Mogoeng raises concerns over child trafficking in birth registration case

The law states that the mother of a child has to give consent for him or her to be registered in the unmarried father's name.

FILE: Former Chief Justice Mogoeng Mogoeng. Picture: Eyewitness News

JOHANNESBURG - Judgement has been reserved in the Constitutional Court in the case seeking to give unmarried fathers the right to register the births of their children without the mother's consent.

Currently, Section 10 of the Births and Deaths Registration Act bars an unmarried man from securing a birth certificate for his son or daughter without the consent of the child's mother.

It also states that a child born to an unmarried couple automatically receives the mother's surname.

The Centre for Child Law said that children who were not registered at Home Affairs soon after they were born are often deprived of basic rights and services.

The law states that the mother of a child has to give consent for him or her to be registered in the unmarried father's name.

However, in some instances, the mother may be deceased, absent, undocumented or cannot be located.

But Chief Justice Mogoeng Mogoeng has a number of concerns, one being that without proper checks and balances in place it could open the door for child trafficking.

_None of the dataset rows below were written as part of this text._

text \<open>The factors are \<open>x = t\<^sub>j\<^sub>h(-a u\<^sub>i) t\<^sub>i\<^sub>h(a u\<^sub>j)\<close> and \<open>y = (e + e\<^sub>h w') t\<^sub>h\<^sub>j(r u\<^sub>j)\<close>; the merged
  transvection is \<open>t\<^sub>i\<^sub>j(a (1 + r u\<^sub>j\<^sup>2))\<close>, a mixed commutator since \<open>1 + r u\<^sub>j\<^sup>2 \<in> I\<close>.\<close>
lemma transvection_mult_mcomm_comm_subgroup:
  fixes u :: "'a^'n::finite"
  assumes card3: "CARD('n) \<ge> 3" and hi: "h \<noteq> i" "h \<noteq> j" and ij: "i \<noteq> j" and a: "a \<in> J"
    and uI: "\<And>m. m \<noteq> j \<Longrightarrow> u$m \<in> I" and unit: "1 + r * (u$j * u$j) \<in> I"
  shows "transvection i j a
           ** mcomm (esd (a *s perp_vec u j i) (axis h 1)) (esd (axis h 1) (r *s (u - axis h (u$h))))
         \<in> comm_subgroup (E_rel I) (E_rel J)"
proof -
  let ?H = "comm_subgroup (E_rel I) (E_rel J) :: ('a^'n^'n) set"
  define w where "w = r *s (u - axis h (u$h))"
  define w' where "w' = w - axis j (w$j)"
  define x1 where "x1 = (transvection j h (- (a * u$i)) :: 'a^'n^'n)"
  define x2 where "x2 = (transvection i h (a * u$j) :: 'a^'n^'n)"
  define y1 where "y1 = (esd (axis h 1) w' :: 'a^'n^'n)"
  define y2 where "y2 = (transvection h j (w$j) :: 'a^'n^'n)"
  define \<gamma> where "\<gamma> = a * u$j * w$j"
  have wh: "w$h = 0" and w'h: "w'$h = 0" and wj: "w$j = r * u$j" and w'i: "w'$i = r * u$i"
    using hi ij by (simp_all add: w'_def w_def vector_scalar_mult_def)
  have w'I: "w'$m \<in> I" for m
    using uI I by (cases "m = j"; cases "m = h")
      (auto simp: w'_def w_def vector_scalar_mult_def ideal_zero intro: ideal_mult_left)
  have GL: "x1 \<in> GL" "x2 \<in> GL" "y1 \<in> GL" "y2 \<in> GL"
    unfolding x1_def x2_def y1_def y2_def using hi ij w'h
    by (auto intro: transvection_GL esd_GL simp: vdot_axis_right)
  have x2y2: "mcomm x2 y2 = transvection i j \<gamma>"
    unfolding x2_def y2_def \<gamma>_def using hi ij by (intro mcomm_transvection_transvection) auto
  have y1: "y1 ** transvection i j \<gamma> ** minv y1 = transvection i j \<gamma> ** transvection h j (w'$i * \<gamma>)"
    unfolding y1_def using w'h hi ij by (intro conj_transvection_by_row_esd) auto
  have eq: "transvection i j a ** mcomm (x1 ** x2) (y1 ** y2)
      = (transvection i j a ** (x1 ** mcomm x2 y1) ** minv (transvection i j a))
        ** transvection i j (a + \<gamma>) ** transvection h j (w'$i * \<gamma>) ** ((y1 ** y2) ** minv x1 ** minv (y1 ** y2))"
    by (rule transvection_mult_mcomm_mult_mult[OF GL ij x2y2 y1])
  have "x1 \<in> ?H"
    unfolding x1_def using transvection_comm_subgroup[OF card3 _ ideal_neg[OF I uI[OF ij]] a] hi by simp
  moreover have "mcomm x2 y1 \<in> ?H"
  proof (rule mcomm_comm_subgroup_swap)
    show "x2 \<in> E_rel J"
      unfolding x2_def using hi ij a J by (intro E_ideal_E_rel transvection_E_ideal) (auto intro: ideal_mult_right)
    show "y1 \<in> E_rel I"
      unfolding y1_def by (intro E_ideal_E_rel esd_row_E_ideal w'h w'I)
  qed
  moreover have "transvection i j (a + \<gamma>) \<in> ?H"
    using transvection_comm_subgroup[OF card3 ij unit a] by (simp add: \<gamma>_def wj algebra_simps)
  moreover have "transvection h j (w'$i * \<gamma>) \<in> ?H"
  proof -
    have q: "r * (r * (u$i * (u$j * u$j))) \<in> I"
      using uI[OF ij] I by (metis ideal_mult_left ideal_mult_right)
    have "w'$i * \<gamma> = a * (r * (r * (u$i * (u$j * u$j))))"
      by (simp add: \<gamma>_def wj w'i algebra_simps)
    then show ?thesis using transvection_comm_subgroup[OF card3 hi(2) q a] by simp
  qed
  moreover have "transvection i j a \<in> E_ideal UNIV" "y1 ** y2 \<in> E_ideal UNIV"
    unfolding y1_def y2_def w'_def using ij wh hi
    by (auto simp flip: esd_axis_row_split intro: transvection_E_ideal esd_row_E_ideal)
  ultimately show ?thesis
    unfolding esd_perp_vec_axis_eq[OF hi(1)] w_def[symmetric] esd_axis_row_split[OF wh hi(2)]
    unfolding x1_def[symmetric] x2_def[symmetric] y1_def[symmetric] w'_def[symmetric] y2_def[symmetric] eq
    by (intro comm_subgroup_mult comm_subgroup_E_rel_conj comm_subgroup_minv)
qed

lemma transvection_mult_esd_perp_vec_comm_subgroup:
  fixes u :: "'a^'n::finite"
  assumes card3: "CARD('n) \<ge> 3" and ij: "i \<noteq> j" and a: "a \<in> J"
    and uI: "\<And>m. m \<noteq> j \<Longrightarrow> u$m \<in> I" and unit: "1 + r * (u$j * u$j) \<in> I"
  shows "transvection i j a ** esd ((a * r) *s perp_vec u j i) u \<in> comm_subgroup (E_rel I) (E_rel J)"
proof -
  obtain h :: 'n where hi: "h \<noteq> i" "h \<noteq> j" using exists_third_index[OF card3] by blast
  have eq: "esd ((a * r) *s perp_vec u j i) (u - axis h (u$h))
      = mcomm (esd (a *s perp_vec u j i) (axis h 1)) (esd (axis h 1) (r *s (u - axis h (u$h))))"
    by (subst mcomm_esd_esd) (use hi in \<open>simp_all add: vdot_scale_left vdot_scale_right
        vdot_perp_vec_off_axis perp_vec_nth_other esd_scale del: vector_ssub_ldistrib\<close>)
  have "transvection i j a ** esd ((a * r) *s perp_vec u j i) (u - axis h (u$h))
      \<in> comm_subgroup (E_rel I) (E_rel J)"
    unfolding eq using card3 hi ij a uI unit by (rule transvection_mult_mcomm_comm_subgroup)
  moreover have "esd ((a * r) *s perp_vec u j i) (axis h (u$h)) \<in> comm_subgroup (E_rel I) (E_rel J)"
    using card3 hi(2) hi(1) a ideal_mult_left[OF I uI[OF hi(2)], of r]
    by (rule esd_perp_vec_axis_comm_subgroup)
  ultimately show ?thesis
    unfolding esd_split_axis[OF hi(2) hi(1)] using comm_subgroup_mult by (metis matrix_mul_assoc)
qed

lemma mcomm_transvection_full_congruence:
  fixes g :: "'a^'n::finite^'n"
  assumes card3: "CARD('n) \<ge> 3" and g: "g \<in> full_congruence I" and ij: "i \<noteq> j" and a: "a \<in> J"
  shows "mcomm (transvection i j a) g \<in> comm_subgroup (E_rel I) (E_rel J)"
proof -
  let ?H = "comm_subgroup (E_rel I) (E_rel J) :: ('a^'n^'n) set"
  let ?t = "transvection i j a :: 'a^'n^'n"
  define p where "p = (\<chi> k. g$k$i)"
  define c where "c = (\<chi> k. g$k$j)"
  define u where "u = minv g $ j"
  define f where "f = (\<lambda>(k, l). ((- a) * (c$k * p$l)) *s perp_vec u k l)"
  let ?S = "UNIV \<times> UNIV - {(j, i)}"
  have gG: "g \<in> GL" using g by (rule full_congruence_GL)
  have "vdot u c = (minv g ** g)$j$j" "vdot u p = (minv g ** g)$j$i"
    by (simp_all add: vdot_def u_def c_def p_def matrix_matrix_mult_def)
  then have uc: "vdot u c = 1" and up: "vdot u p = 0"
    using GL_minv_left[OF gG] ij by (simp_all add: mat_def)
  have uI: "u$m \<in> I" if "m \<noteq> j" for m
    using full_congruence_minv[OF I g] that by (auto simp: u_def full_congruence_def)
  have orth: "vdot u (f x) = 0" for x
    by (cases x) (simp add: f_def vdot_scale_right vdot_perp_vec)
  have "(- a) *s p = (- a) *s (\<Sum>(k, l)\<in>UNIV \<times> UNIV. (c$k * p$l) *s perp_vec u k l)"
    by (simp only: sum_perp_vec[OF uc up])
  also have "\<dots> = (\<Sum>x\<in>UNIV \<times> UNIV. f x)"
    unfolding scale_sum_vec f_def
    by (rule sum.cong) (auto simp: vector_scalar_mult_def vec_eq_iff mult.assoc)
  also have "\<dots> = f (j, i) + (\<Sum>x\<in>?S. f x)"
    by (simp add: sum.remove)
  finally have "esd ((- a) *s p) u = esd (f (j, i)) u ** esd (\<Sum>x\<in>?S. f x) u"
    by (simp add: esd_mult_same_row vdot_sum_right orth)
  then have "mcomm ?t g = (?t ** esd (f (j, i)) u) ** esd (\<Sum>x\<in>?S. f x) u"
    using mcomm_transvection_eq[OF gG ij, of a] by (simp add: p_def u_def matrix_mul_assoc)
  moreover have "?t ** esd (f (j, i)) u \<in> ?H"
  proof -
    have "1 + - (c$j * p$i) * (u$j * u$j) \<in> I"
      using full_congruence_diag_minv_sq[OF I g ij] by (simp add: c_def p_def u_def)
    from transvection_mult_esd_perp_vec_comm_subgroup[OF card3 ij a uI this]
    show ?thesis by (simp add: f_def)
  qed
  moreover have "esd (\<Sum>x\<in>?S. f x) u \<in> ?H"
  proof (rule esd_sum_col_mem[OF comm_subgroup_one comm_subgroup_mult orth])
    fix x assume "x \<in> ?S"
    then obtain k l where x: "x = (k, l)" and kl: "k \<noteq> j \<or> l \<noteq> i" by (cases x) auto
    have "c$k \<in> I \<or> p$l \<in> I"
      using kl g unfolding c_def p_def full_congruence_def by auto
    then have "- (c$k * p$l) \<in> I"
      using I by (metis ideal_neg ideal_mult_left ideal_mult_right)
    from esd_perp_vec_comm_subgroup[OF card3 a this]
    show "esd (f x) u \<in> ?H" by (simp add: x f_def)
  qed
  ultimately show ?thesis by (simp add: comm_subgroup_mult)
qed

lemma mcomm_E_rel_full_congruence:
  fixes g :: "'a^'n::finite^'n"
  assumes card3: "CARD('n) \<ge> 3" and f: "f \<in> E_rel J" and g: "g \<in> full_congruence I"
  shows "mcomm f g \<in> comm_subgroup (E_rel I) (E_rel J)"
proof -
  have E: "mcomm x g' \<in> comm_subgroup (E_rel I) (E_rel J)"
    if x: "x \<in> E_ideal J" and g': "g' \<in> full_congruence I" for x and g' :: "'a^'n^'n"
    using x[unfolded E_ideal_def] _ full_congruence_GL[OF g']
  proof (rule mcomm_gen_subgroup_comm_subgroup)
    show "{transvection i j \<xi> |i j \<xi>. i \<noteq> j \<and> \<xi> \<in> J} \<subseteq> (E_ideal UNIV :: ('a^'n^'n) set)"
      by (auto intro: transvection_E_ideal)
  qed (auto intro!: mcomm_transvection_full_congruence[OF card3 g'])
  show ?thesis
    using f[unfolded E_rel_def] _ full_congruence_GL[OF g]
  proof (rule mcomm_gen_subgroup_comm_subgroup)
    show "{h ** x ** minv h |h x. h \<in> E_ideal UNIV \<and> x \<in> E_ideal J} \<subseteq> (E_ideal UNIV :: ('a^'n^'n) set)"
    proof clarify
      fix h x :: "'a^'n^'n" assume h: "h \<in> E_ideal UNIV" and x: "x \<in> E_ideal J"
      show "h ** x ** minv h \<in> E_ideal UNIV"
        using E_ideal_mult[OF E_ideal_mult[OF h E_ideal_subset_E_UNIV[OF x]] E_ideal_minv[OF h]] .
    qed
    fix s :: "'a^'n^'n" assume "s \<in> {h ** x ** minv h |h x. h \<in> E_ideal UNIV \<and> x \<in> E_ideal J}"
    then obtain h x where s: "s = h ** x ** minv h" and h: "h \<in> E_ideal UNIV" and x: "x \<in> E_ideal J"
      by blast
    have G: "h \<in> GL" "x \<in> GL" "g \<in> GL" using h x g by (auto intro: E_ideal_GL full_congruence_GL)
    have "mcomm s g = h ** mcomm x (minv h ** g ** h) ** minv h"
      using G unfolding s mcomm_def by (simp add: GL_simps)
    moreover have "minv h ** g ** h \<in> full_congruence I"
      using full_congruence_conj[OF I GL_minv[OF G(1)] g] G by (simp add: GL_simps)
    ultimately show "mcomm s g \<in> comm_subgroup (E_rel I) (E_rel J)"
      using comm_subgroup_E_rel_conj[OF h E[OF x]] by simp
  qed
qed

end

lemma centraliser_mod_subset_full_congruence:
  fixes g :: "'a::comm_ring_1^'n::finite^'n"
  assumes A: "is_ideal A" and B: "is_ideal B"
    and g: "g \<in> centraliser_mod (E_rel A) (comm_subgroup (E_rel (ideal_quot B A)) (E_rel A))"
  shows "g \<in> full_congruence (ideal_quot B A)"
proof -
  have gG: "g \<in> GL" using g by (simp add: centraliser_mod_def)
  have tB: "(transvection i j a ** g - g ** transvection i j a)$k$l \<in> B"
    if ij: "i \<noteq> j" and a: "a \<in> A" for i j a k l
  proof -
    let ?t = "transvection i j a :: 'a^'n^'n"
    have "?t \<in> E_rel A" using ij a by (intro E_ideal_E_rel transvection_E_ideal)
    then have "mcomm ?t g \<in> principal_congruence B"
      using g by (intro comm_subgroup_principal_congruence[OF A B]) (simp add: centraliser_mod_def)
    then have "entries_in B ((mcomm ?t g - mat 1) ** (g ** ?t))"
      by (intro entries_in_mult_right[OF B]) (simp add: principal_congruence_def)
    moreover have "?t ** g - g ** ?t = (mcomm ?t g - mat 1) ** (g ** ?t)"
      using ij gG unfolding mcomm_def by (simp add: matrix_mult_diff_rdistrib transvection_GL GL_simps)
    ultimately show ?thesis by (simp add: entries_in_def)
  qed
  show ?thesis unfolding full_congruence_def
  proof (intro CollectI conjI allI impI gG)
    fix x y :: 'n assume xy: "x \<noteq> y"
    show "g$x$y \<in> ideal_quot B A" unfolding ideal_quot_def
    proof (intro CollectI ballI)
      fix a assume "a \<in> A"
      from tB[OF xy[symmetric] this, of y y] have "a * g$x$y \<in> B"
        by (subst (asm) transvection_commutator_nth) (use xy in simp)
      then show "g$x$y * a \<in> B" by (simp add: mult.commute)
    qed
    show "g$x$x - g$y$y \<in> ideal_quot B A" unfolding ideal_quot_def
    proof (intro CollectI ballI)
      fix a assume "a \<in> A"
      from tB[OF xy this, of x y] have "a * g$y$y - g$x$x * a \<in> B"
        by (subst (asm) transvection_commutator_nth) (use xy in simp)
      then have "- (a * g$y$y - g$x$x * a) \<in> B" by (rule ideal_neg[OF B])
      then show "(g$x$x - g$y$y) * a \<in> B" by (simp add: algebra_simps)
    qed
  qed
qed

"It is not just wild discrimination, we want to make sure that the one claiming to be the father is the father, otherwise we'll easily get children with fathers that leave the country with them and do whatever they want to do with them."

Suggestions have been made that could solve this problem to make sure that the checks are in place, one being a DNA test and another involving credible family confirmation of the father's relationship with a child.

Reacting to the outcome of Tuesday's court case, human rights lawyer Jatheen Bhima said: “It’s normal people who are fathers and want to notify their child’s birth, but they can’t. So, we are saying that all those people ought not to be allowed to simply register the child’s birth because of the possibility that some people may be up to something dubious.”